REDEMPTION OF SHARES
- --------------------------------------------------------------------------------

To redeem shares, shareholders may send a written request in "good order" to:

                        The Small Cap Opportunities Fund
                           Kinetics Mutual Funds, Inc.
                        c/o Firstar Mutual Fund Services
                                  P.O. Box 701
                            Milwaukee, WI 53201-0701
                                 (800) 930-3828

A written request in "good order" to redeem shares must include:

|X|      the shareholder's name,
|X|      the name of the Fund,
|X|      the account number,
|X|      the share or dollar amount to be redeemed, and
|X|      signatures by all shareholders on the account.

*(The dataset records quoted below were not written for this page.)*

lemma band_abs_bounds:
  assumes "w \<in> band j"
  shows "\<bar>w\<bar> \<le> 2^j" and "w \<noteq> 0 \<Longrightarrow> 2^j \<le> 2 * \<bar>w\<bar>" and "w = 0 \<Longrightarrow> j = 0"
proof -
  have "\<bar>w\<bar> \<le> 2^j \<and> (w \<noteq> 0 \<longrightarrow> 2^j \<le> 2 * \<bar>w\<bar>) \<and> (w = 0 \<longrightarrow> j = 0)"
  proof (cases j)
    case 0
    then show ?thesis using assms by (auto simp: band_def)
  next
    case (Suc i)
    then have "w \<in> {-(2 * 2^i) + 1 .. -(2^i)} \<union> {2^i + 1 .. 2 * 2^i}"
      using assms by (simp add: band_def)
    then show ?thesis
      using Suc by (auto simp: abs_if)
  qed
  then show "\<bar>w\<bar> \<le> 2^j" and "w \<noteq> 0 \<Longrightarrow> 2^j \<le> 2 * \<bar>w\<bar>" and "w = 0 \<Longrightarrow> j = 0"
    by auto
qed

lemma band_nonempty: "band j \<noteq> {}"
proof (cases j)
  case (Suc i)
  then have "2^j \<in> band j"
    using one_le_power[of "2::int" i] by (simp add: band_def)
  then show ?thesis by auto
qed (simp add: band_def)

lemma norm_dft_haar_phi_sq_le_band:
  assumes "j < r" "l < r" "p < 2^l" "w \<in> band j"
  shows "(cmod (dft r (haar_phi r l p) w))^2 \<le> 10 * 2 powr (- real j - \<bar>real j - real l\<bar>)"
proof (cases "w = 0")
  case True
  then show ?thesis
    using dft_haar_phi[OF assms(2,3), of w] by simp
next
  case False
  define D where "D = (cmod (dft r (haar_phi r l p) w))^2"
  have "\<bar>w\<bar> \<le> 2^(r-1)"
    using band_abs_bounds(1)[OF assms(4)] power_increasing[of j "r-1" "2::int"] assms(1)
    by linarith
  note bounds = norm_dft_haar_phi_sq_bounds[OF assms(2,3) False this, folded D_def]
  have "real_of_int (2^j) \<le> real_of_int (2 * \<bar>w\<bar>)"
    using band_abs_bounds(2)[OF assms(4) False] by (simp only: of_int_le_iff)
  then have "(2^j)^2 \<le> (2 * \<bar>real_of_int w\<bar>)^2"
    by (intro power_mono) auto
  moreover have four: "(4::real)^j = (2^j)^2"
    by (simp add: power2_eq_square flip: power_mult_distrib)
  ultimately have w_lower: "4^j \<le> 4 * (real_of_int w)^2"
    by (simp add: power_mult_distrib)
  have "real_of_int \<bar>w\<bar> \<le> real_of_int (2^j)"
    using band_abs_bounds(1)[OF assms(4)] by (simp only: of_int_le_iff)
  then have w_upper: "(real_of_int w)^2 \<le> 4^j"
    using power_mono[of "\<bar>real_of_int w\<bar>" "2^j" 2] by (simp add: four)
  show ?thesis
  proof (cases "l \<le> j")
    case True
    have "D \<le> 2 * 2^l / w^2"
      by (rule bounds(1))
    also have "\<dots> \<le> 8 * 2^l / 4^j"
      using w_lower False by (simp add: field_simps)
    also have "\<dots> = 8 * 2 powr (real l - 2 * real j)"
      using two_powr_diff_nat[of l "2*j"] by (simp add: power_mult)
    also have "\<dots> \<le> 10 * 2 powr (- real j - \<bar>real j - real l\<bar>)"
      using True by simp
    finally show ?thesis unfolding D_def .
  next
    case False
    have "D \<le> pi^2 * w^2 / 8^l"
      by (rule bounds(2))
    also have "\<dots> \<le> 10 * 4^j / 8^l"
      using w_upper pi_sq_le_10 by (intro divide_right_mono mult_mono) auto
    also have "\<dots> = 10 * 2 powr (2 * real j - 3 * real l)"
      using two_powr_diff_nat[of "2*j" "3*l"] by (simp add: power_mult)
    also have "\<dots> \<le> 10 * 2 powr (- real j - \<bar>real j - real l\<bar>)"
      using False by simp
    finally show ?thesis unfolding D_def .
  qed
qed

The proceeds will be wired to the bank account of record or sent to the address
of record within seven days.

If shareholders request redemption proceeds be sent to an address other than
that on record with the funds or proceeds made payable other than to the
shareholder(s) of record, the written request must have signatures guaranteed
by:

|X| a trust company or commercial bank whose deposits are insured by the BIF,
which is administered by the FDIC;
|X| a member of the New York, Boston, American, Midwest, or Pacific Stock
Exchange;
|X| a savings bank or savings association whose deposits are insured by the
SAIF, which is administered by the FDIC; or
|X| any other "eligible guarantor institution" as defined in the Securities
Exchange Act of 1934.

The Fund does not accept signatures guaranteed by a notary public.

The Fund and its transfer agent have adopted standards for accepting signature
guarantees from the above institutions. The Fund may elect in the future to
limit eligible signature guarantors to institutions that are members of a
signature guarantee program. The Fund and its transfer agent reserve the right
to amend these standards at any time without notice.

BROKERAGE
- --------------------------------------------------------------------------------

The Adviser requires all brokers to effect transactions in portfolio securities
in such a manner as to get prompt execution of the orders at the most favorable
price.

The Adviser selects brokers who, in addition to meeting primary requirements of
execution and price, may furnish statistical or other factual information and
services, which, in the opinion of the Adviser, are helpful or necessary to the
Fund's normal operations. Information or services may include economic studies,
industry studies, statistical analysis, corporate reports or other forms of
assistance to the Fund or its Adviser. No effort is made to determine the value
of these services or the amount they might have reduced expenses of the Adviser.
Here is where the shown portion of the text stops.